首页 女生 现代言情 仇人找上门,我媳妇是亡国女帝?

  “煊…煊哥?”

  王煊没有回应,径直走进屋里。

  “砰!”

  他将肩上的陈舒扔在地上,动作粗暴。

  陈舒摔得七荤八素,趴在地上又开始哭。

  王煊没理她,来到后院。

  走到水缸边舀起一瓢凉水,从头顶浇下。

  哗啦!

  冰冷的水冲刷着他身上的血污与汗水,也冲刷着他心头的杀意。

  血水顺着他的肌肉线条流淌,在脚下汇成一滩暗红。

  叶芷怡快步走上前。

  从他手里夺过水瓢,声音里带着一丝颤抖。

  “我来。”

  她重新舀水。

  小心翼翼地帮他擦拭着身上的血迹。

  当她的手触碰到王煊手臂上那道被刀刃划开的伤口时,身体明显一僵。

  伤口不深,但很长。

  “疼吗?”

  “不疼。”

  王煊的声音很平静。

  他看着叶芷怡,又看了一眼趴在地上哭哭啼啼的陈舒。

  解释道:“她叫陈舒,山里碰见的,被一伙悍匪绑了。父亲是辽东富商,叫陈显平。”

  “悍匪呢?”

  “杀了。”

  叶芷怡擦拭的动作停住。

  她抬起头,看着王煊的眼睛。

  “杀了多少?”

  “十六个。”

  叶芷怡的瞳孔缩了一下。

  十六个!

  作为亡国女帝,她也经历过被追杀的日子。

  换言之就是:见过血!

  所以叶芷怡自然知道这意味着什么。

  那不是十六只鸡,不是十六头猪。

  是十六个会反抗、会拼命的悍匪!

  而眼前的男人杀了他们,然后毫发无伤地回来了。

  甚至,还顺手带回来一个累赘。

  叶芷怡沉默了片刻,继续低头。

  用布巾仔细地清理着他身上的每一处血污。

  动作轻柔,却很坚定。

  王煊看着她,忽然开口道:“你不好奇我为什么带她回来?”

  叶芷怡头也不抬的说道:“煊哥带回来的人,就是我们的人。”

  王煊挑眉,笑了。

  伸手捏了捏叶芷怡的脸。

  柔声道:“记住,你才是我的人。”

  说完。

  王煊松开手,走向那个还在地上抽泣的陈舒。

  “哭够了没有?”

  陈舒被他冰冷的声音吓得一哆嗦。

  哭声瞬间卡住,变成了小声的抽噎。

  “没死就起来,自己去洗干净。”

  王煊指了指墙角的水桶。

  陈舒挣扎着想爬起来。

  可双腿发软,试了几次都失败了。

  “废物。”

  王煊骂了一句,不再管她。

  他走到床边,从床底下拖出一个木箱。

  打开箱子。

  里面是一堆瓶瓶罐罐,还有一些处理好的药草。

  这是他这一年来,跟着村里赤脚郎中学的本事。

  然后自己捣鼓的一些金疮药和跌打损伤的药酒。

  他脱掉上身已经破烂的粗布衣,露出精壮的上半身。

  古铜色的皮肤上,肌肉线条分明,充满了爆炸性的力量感。

  除了手臂上那道新伤,他身上还有几处青紫的瘀伤。

  叶芷怡拿着干净的布巾走过来,默默地帮他擦拭着后背。

  她的手指划过他坚实的脊背,感受着那皮肉下蕴含的恐怖力量。

  “煊哥,你……”

  “嗯?”

  “没什么。
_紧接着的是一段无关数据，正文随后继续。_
lemma kummer_transform_eq_fourier_dual_intertwining:
  fixes \<kappa> lam :: real and f :: "real \<Rightarrow> complex"
  assumes "\<kappa> > 0" and f_meas [measurable]: "f \<in> borel_measurable borel" and "integrable lborel f"
  shows "kummer_transform \<kappa> f lam = fourier_transform (dual_intertwining \<kappa> f) lam"
proof -
  define f' where "f' = (\<lambda>t. f (- t))"
  have f'_meas: "f' \<in> borel_measurable borel"
    unfolding f'_def by measurable
  have "integrable lborel f'"
    using assms(3) lborel_integrable_real_affine_iff[of "-1" f 0] unfolding f'_def by simp
  with assms(3) have f_int: "set_integrable lborel {0<..} f" and f'_int: "set_integrable lborel {0<..} f'"
    unfolding set_integrable_def by (simp_all add: integrable_mult_indicator)
  note pos = set_integral_dual_intertwining_half_cis[OF assms(1) f_meas f_int, of lam]
  note neg = set_integral_dual_intertwining_half_cis[OF assms(1) f'_meas f'_int, of "- lam"]
  have "kummer_transform \<kappa> f lam
      = (LINT x:{0<..}|lborel. f x * kummerM \<kappa> (\<i> * complex_of_real (lam * x)))
      + (LINT x:{0<..}|lborel. f' x * kummerM \<kappa> (\<i> * complex_of_real (- lam * x)))"
    using lborel_integral_split_reflect(2)[of "\<lambda>x. f x * kummerM \<kappa> (\<i> * complex_of_real (lam * x))"] pos(2) neg(2)
    unfolding kummer_transform_def f'_def by simp
  also have "\<dots> = (LINT x:{0<..}|lborel. dual_intertwining_half \<kappa> f x * cis (lam * x))
      + (LINT x:{0<..}|lborel. dual_intertwining_half \<kappa> f' x * cis (- lam * x))"
    using pos(3) neg(3) by simp
  also have "\<dots> = fourier_transform (dual_intertwining \<kappa> f) lam"
    using fourier_transform_dual_intertwining_split pos(1) neg(1) unfolding f'_def by simp
  finally show ?thesis .
qed
lemma gdist_lex_edges:
  assumes "walk VG EG P" "hd P = g" "last P = g'" "g \<noteq> g'" "h \<in> VH" "h' \<in> VH"
  shows "gdist (VG \<times> VH) (lex_edges EG EH) (g, h) (g', h') = gdist VG EG g g'"
proof (rule antisym)
  obtain Q where Q: "shortest_path VG EG g g' Q" using shortest_path_exists[OF assms(1-3)] .
  then obtain q where q: "walk (VG \<times> VH) (lex_edges EG EH) q" "map fst q = Q"
      "hd q = (g, h)" "last q = (g', h')"
    using walk_lex_lift[of VG EG Q h VH h' h] assms(4-6) unfolding shortest_path_def by metis
  show "gdist (VG \<times> VH) (lex_edges EG EH) (g, h) (g', h') \<le> gdist VG EG g g'"
    using gdist_less_length[OF q(1,3,4)] Q q(2) unfolding shortest_path_def by auto
  obtain r where r: "shortest_path (VG \<times> VH) (lex_edges EG EH) (g, h) (g', h') r"
    using shortest_path_exists[OF q(1,3,4)] .
  then have "gdist VG EG g g' < length (remdups_adj (map fst r))"
    using gdist_fst_less_length[of VG VH EG EH r] by (simp add: shortest_path_def)
  also have "\<dots> \<le> length r" using remdups_adj_length[of "map fst r"] by simp
  finally show "gdist VG EG g g' \<le> gdist (VG \<times> VH) (lex_edges EG EH) (g, h) (g', h')"
    using r unfolding shortest_path_def by simp
qed

lemma shortest_path_lex_map_fst:
  assumes "shortest_path (VG \<times> VH) (lex_edges EG EH) x y p"
    and "walk VG EG P" "hd P = fst x" "last P = fst y" "fst x \<noteq> fst y"
  shows "shortest_path VG EG (fst x) (fst y) (map fst p)"
proof -
  let ?q = "remdups_adj (map fst p)"
  have w: "walk (VG \<times> VH) (lex_edges EG EH) p" "hd p = x" "last p = y"
    using assms(1) by (auto simp: shortest_path_def)
  then have "x \<in> VG \<times> VH" "y \<in> VG \<times> VH" by (auto simp: walk_def)
  then have "length p = Suc (gdist VG EG (fst x) (fst y))"
    using assms(1) gdist_lex_edges[OF assms(2-5), of "snd x" VH "snd y" EH]
    by (auto simp: shortest_path_def)
  note p = w this
  \<comment> \<open>No two consecutive vertices of p share a fibre: dropping them would give a shorter G-walk.\<close>
  have "length p \<le> length ?q" using gdist_fst_less_length[OF p(1)] p by simp
  then have "?q = map fst p"
    using remdups_adj_length[of "map fst p"] distinct_adj_altdef distinct_adj_conv_length_remdups_adj
    by (metis le_antisym length_map)
  then have "walk VG EG (map fst p)" using walk_remdups_adj_map_fst[OF p(1)] by simp
  moreover have "p \<noteq> []" using p(1) by (simp add: walk_def)
  ultimately show ?thesis using p by (intro shortest_pathI) (auto simp: hd_map last_map)
qed

lemma X_visible_lex_distinct_fibres:
  assumes "X_visible VG EG X g g'" "g \<noteq> g'" "h \<in> VH" "h' \<in> VH" "h0 \<in> VH"
    and "\<And>v. (v, h0) \<in> S \<Longrightarrow> v \<in> X"
  shows "X_visible (VG \<times> VH) (lex_edges EG EH) S (g, h) (g', h')"
proof -
  obtain P where P: "shortest_path VG EG g g' P" "internal P \<inter> X = {}"
    using assms(1) unfolding X_visible_def by blast
  then have Pw: "walk VG EG P" "hd P = g" "last P = g'" "length P = Suc (gdist VG EG g g')"
    by (auto simp: shortest_path_def)
  obtain p where p: "walk (VG \<times> VH) (lex_edges EG EH) p" "map fst p = P"
      "hd p = (g, h)" "last p = (g', h')" "internal p \<subseteq> internal P \<times> {h0}"
    using walk_lex_lift[OF Pw(1) _ assms(3-5)] Pw(2,3) assms(2) by metis
  have "shortest_path (VG \<times> VH) (lex_edges EG EH) (g, h) (g', h') p"
    using p Pw gdist_lex_edges[OF Pw(1-3) assms(2-4)]
    by (intro shortest_pathI) (auto dest: arg_cong[of _ _ length])
  moreover have "internal p \<inter> S = {}" using p(5) P(2) assms(6) by blast
  ultimately show ?thesis unfolding X_visible_def by blast
qed

lemma X_visible_lex_same_fibre:
  assumes "graph VG EG" "g \<in> VG" "v \<in> VG" "EG g v" "h \<in> VH" "h' \<in> VH" "h0 \<in> VH"
    and "(v, h0) \<notin> S"
  shows "X_visible (VG \<times> VH) (lex_edges EG EH) S (g, h) (g, h')"
proof -
  have irrefl: "\<not> EG g g" and sym: "EG v g" using assms(1,4) by (auto simp: graph_def)
  consider "h = h'" | "h \<noteq> h'" "EH h h'" | "h \<noteq> h'" "\<not> EH h h'" by blast
  then show ?thesis
  proof cases
    case 1
    then show ?thesis using assms(2,5) by (simp add: X_visible_refl)
  next
    case 2
    then show ?thesis using assms(2,5,6) by (intro X_visible_adjacent) (auto simp: lex_edges_def)
  next
    case 3
    have "lex_edges EG EH (g, h) (v, h0)" "lex_edges EG EH (v, h0) (g, h')"
      "\<not> lex_edges EG EH (g, h) (g, h')"
      using assms(4) sym irrefl 3(2) by (simp_all add: lex_edges_def)
    then show ?thesis
      using X_visible_via_common_neighbour[of "(g, h)" "VG \<times> VH" "(g, h')" "(v, h0)"] 3(1) assms(2,3,5-8)
      by simp
  qed
qed

subsection \<open>The two bounds\<close>

lemma total_mutual_visibility_set_lex_layer:
  assumes "connected_graph VG EG" "2 \<le> domination_number VG EG"
    and "total_mutual_visibility_set VG EG X" "h0 \<in> VH"
  shows "total_mutual_visibility_set (VG \<times> VH) (lex_edges EG EH)
      (VG \<times> (VH - {h0}) \<union> X \<times> {h0})"
    (is "total_mutual_visibility_set _ _ ?S")
  unfolding total_mutual_visibility_set_def
proof (intro conjI ballI)
  have G: "graph VG EG" "finite VG" using assms(1) by (auto simp: connected_graph_def graph_def)
  show "?S \<subseteq> VG \<times> VH" using assms(3,4) by (auto simp: total_mutual_visibility_set_def)
  fix x y assume "x \<in> VG \<times> VH" "y \<in> VG \<times> VH"
  then obtain g h g' h' where x: "x = (g, h)" "g \<in> VG" "h \<in> VH"
    and y: "y = (g', h')" "g' \<in> VG" "h' \<in> VH" by auto
  show "X_visible (VG \<times> VH) (lex_edges EG EH) ?S x y"
  proof (cases "g = g'")
    case True
    obtain v where v: "v \<in> VG" "EG g v" "v \<notin> X"
      using neighbour_outside_tmv[OF G(2) assms(2,3) x(2)] .
    then have "(v, h0) \<notin> ?S" by blast
    then show ?thesis
      using X_visible_lex_same_fibre[OF G(1) x(2) v(1,2) x(3) y(3) assms(4)] x y True by simp
  next
    case False
    have "X_visible VG EG X g g'"
      using assms(3) x y unfolding total_mutual_visibility_set_def by blast
    then have "X_visible (VG \<times> VH) (lex_edges EG EH) ?S (g, h) (g', h')"
      by (rule X_visible_lex_distinct_fibres[OF _ False x(3) y(3) assms(4)]) blast
    then show ?thesis using x y by simp
  qed
qed

lemma card_lex_layer:
  assumes "finite VG" "finite VH" "X \<subseteq> VG" "h0 \<in> VH"
  shows "card (VG \<times> (VH - {h0}) \<union> X \<times> {h0}) = card VG * (card VH - 1) + card X"
proof -
  have "card (VG \<times> (VH - {h0}) \<union> X \<times> {h0}) = card (VG \<times> (VH - {h0})) + card (X \<times> {h0})"
    using assms by (intro card_Un_disjoint) (auto intro: finite_subset)
  then show ?thesis using assms by (simp add: card_cartesian_product)
qed
(* The Uniform Price Auction is incentive compatible (with public budgets), never charges an agent more than its budget, and for every input its allocation $x$ satisfies $\bar W(x)\ge\frac12\bar W^*$.
   Context: Uniform Price Auction: one unit of a divisible good, $n$ agents with values per unit $v_i>0$ and publicly known budgets $B_i>0$. Relabel agents so that $v_1\ge\dots\ge v_n$ and set $v_{n+1}=0$. Let $k\in\{0,\dots,n\}$ be the largest integer with $\sum_{j=1}^kB_j\le v_k$ (the empty sum is $0$, and $k=0$ is always admissible). Case I: if $\sum_{j=1}^kB_j>v_{k+1}$, allocate $x_i=B_i/\sum_{j=1}^kB_j$ for $i\le k$ and $0$ to everyone else. Case II: if $\sum_{j=1}^kB_j\le v_{k+1}$, allocate $x_i=B_i/v_{k+1}$ for $i\le k$, $x_{k+1}=1-\sum_{j=1}^kx_j$, and $0$ to everyone else. Payments are given by Myerson's formula $\pi_i(v)=v_ix_i(v)-\int_0^{v_i}x_i(u,v_{-i})\,du$. Agent utility is $v_ix_i-\pi_i$ if $\pi_i\le B_i$ and $-\infty$ otherwise; incentive compatibility means truthfully reporting the value maximizes utility for all reports of others. Liquid welfare: $\bar W(x)=\sum_i\min\{v_ix_i,B_i\}$; $\bar W^*=\max\{\bar W(x):x\in\mathbb R^n_{\ge0},\sum_ix_i=1\}$. *)

theory Defs
  imports "HOL-Analysis.Analysis"
begin

text \<open>Agents are 0,...,n-1. Values v and budgets B are functions nat => real
(only the entries below n matter). The relabelling v_1 >= ... >= v_n is the
stable sort of the agents by decreasing value, ties broken by agent index.\<close>

definition upa_order :: "nat \<Rightarrow> (nat \<Rightarrow> real) \<Rightarrow> nat list" where
  "upa_order n v = sort_key (\<lambda>i. - v i) [0..<n]"

text \<open>Sorted value of the agent at (1-based) position j; 0 for j = n+1 (and beyond).\<close>
definition upa_sv :: "nat \<Rightarrow> (nat \<Rightarrow> real) \<Rightarrow> nat \<Rightarrow> real" where
  "upa_sv n v j = (if 1 \<le> j \<and> j \<le> n then v (upa_order n v ! (j - 1)) else 0)"

definition upa_sB :: "nat \<Rightarrow> (nat \<Rightarrow> real) \<Rightarrow> (nat \<Rightarrow> real) \<Rightarrow> nat \<Rightarrow> real" where
  "upa_sB n B v j = B (upa_order n v ! (j - 1))"

definition upa_S :: "nat \<Rightarrow> (nat \<Rightarrow> real) \<Rightarrow> (nat \<Rightarrow> real) \<Rightarrow> nat \<Rightarrow> real" where
  "upa_S n B v k = (\<Sum>j=1..k. upa_sB n B v j)"

definition upa_k :: "nat \<Rightarrow> (nat \<Rightarrow> real) \<Rightarrow> (nat \<Rightarrow> real) \<Rightarrow> nat" where
  "upa_k n B v = (GREATEST k. k \<le> n \<and> (k = 0 \<or> upa_S n B v k \<le> upa_sv n v k))"

definition upa_posalloc :: "nat \<Rightarrow> (nat \<Rightarrow> real) \<Rightarrow> (nat \<Rightarrow> real) \<Rightarrow> nat \<Rightarrow> real" where
  "upa_posalloc n B v j =
     (let k = upa_k n B v; S = upa_S n B v k in
      if S > upa_sv n v (k + 1) then
        (if 1 \<le> j \<and> j \<le> k then upa_sB n B v j / S else 0)
      else
        (if 1 \<le> j \<and> j \<le> k then upa_sB n B v j / upa_sv n v (k + 1)
         else if j = k + 1 then 1 - (\<Sum>l=1..k. upa_sB n B v l / upa_sv n v (k + 1))
         else 0))"

definition upa_alloc :: "nat \<Rightarrow> (nat \<Rightarrow> real) \<Rightarrow> (nat \<Rightarrow> real) \<Rightarrow> nat \<Rightarrow> real" where
  "upa_alloc n B v i =
     (\<Sum>j=1..n. if upa_order n v ! (j - 1) = i then upa_posalloc n B v j else 0)"

definition upa_pay :: "nat \<Rightarrow> (nat \<Rightarrow> real) \<Rightarrow> (nat \<Rightarrow> real) \<Rightarrow> nat \<Rightarrow> real" where
  "upa_pay n B v i = v i * upa_alloc n B v i - integral {0..v i} (\<lambda>u. upa_alloc n B (v(i := u)) i)"

definition upa_util :: "nat \<Rightarrow> (nat \<Rightarrow> real) \<Rightarrow> (nat \<Rightarrow> real) \<Rightarrow> (nat \<Rightarrow> real) \<Rightarrow> nat \<Rightarrow> ereal" where
  "upa_util n B v w i =
     (if upa_pay n B w i \<le> B i then ereal (v i * upa_alloc n B w i - upa_pay n B w i) else -\<infinity>)"

definition valid_profile :: "nat \<Rightarrow> (nat \<Rightarrow> real) \<Rightarrow> bool" where
  "valid_profile n v \<longleftrightarrow> (\<forall>i<n. v i > 0)"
”

  叶芷怡摇摇头。

  将那些到了嘴边的问题又咽了回去。

  她只需要知道。

  这个男人是她的天,是她的依靠。

  这就够了。

  叶芷怡拿起一瓶金疮药,用手指沾了药粉。

  然后小心翼翼地涂抹在王煊手臂的伤口上。

  药粉带来的清凉感,让伤口火辣辣的痛楚缓解了不少。

  而另一边。

  陈舒终于扶着墙,颤颤巍巍地站了起来。

  她挪到水桶边,学着王煊的样子。

  用冷水清洗着自己脸上的泪痕和污垢。

  冰冷的水让她打了个寒颤,也让她混乱的脑子清醒了些许。

  这个男人,虽然凶恶。

  但他救了自己。

  这是事实!

  上完药。

  王煊重新穿上一件干净的衣服。

  他看了一眼天色,对叶芷怡说。

  “我出去一趟。”

  “现在?”

  叶芷怡有些担心。

  “去去就回。”

  王煊没有多做解释,推门走了出去。

  夜色如墨。

  王煊的身影很快消失在村子里。

  屋里,只剩下叶芷怡和陈舒两个女人。

  气氛一时有些凝滞。

  陈舒洗漱完毕后,便局促地站在原地,手脚都不知道该往哪里放。

  叶芷怡看了她一眼。

  从床边拿起一件自己的衣服递了过去。

  “换上吧。”

  “谢谢……”

  陈舒小声道谢,接过衣服。

  “我叫叶花。”

  叶芷怡看着她:“以后,你就住在这里。”

  陈舒愣住了。

  她看着叶芷怡那张清冷秀雅的脸,又看了看这间简陋的茅草屋。

  “我……我可以留下来?”

  “煊哥带你回来的。”

  叶芷怡的回答很简单。

  言外之意。

  王煊的决定,就是这里的规矩。

  陈舒的眼圈又红了。

  但这次,她忍住了没哭。

  她快速换上那身干净但打着补丁的旧衣服。

  虽然依旧不合身,但总比之前那身沾满泥污的华服要好得多。

  陈舒走到叶芷怡身边,学着她的样子。

  拿起针线,开始缝补一件破了洞的衣裳。

  “我……我也会做些女红。”

  ……

  与此同时。

  另一边。

  王煊朝着另一个方向奔去。

  那是通往县城的路。

  一个时辰后。

  清河县。

  县城不大,此刻宵禁,城门早已关闭。

  城墙上。

  几名打着哈欠的守城士卒正来回巡逻。

  王煊身影一闪,便出现在城墙下方的阴影里。

  抬头看了一眼高达三丈的城墙后。

  后退几步,猛然助跑!

  随后脚下发力,身体拔地而起!

  他在垂直的墙面上连踏三步,每一步都如同踩在平地上。

  最后身体借力上冲,双手在城墙顶端一搭。

  一个翻身,便悄无声息地落在了城楼之上。

  巡逻的士卒只觉得眼前一花。

  并未察觉任何异常。

  王煊的身影则是几个闪烁,消失在县城的夜色里。

  他来县城,只有一个目的。

  销赃!

  那十六名悍匪,是辽东三十郎,是大乾边军。

  他们身上佩戴的,是制式军刀。

  但大乾已经被灭,他们的军刀也是前朝的军刀。

  这种东西,在市面上是见不得光的。

  王煊自己也不能用。

  被人看到拿来做文章的话,恐迎来事端。

  所以要卖掉!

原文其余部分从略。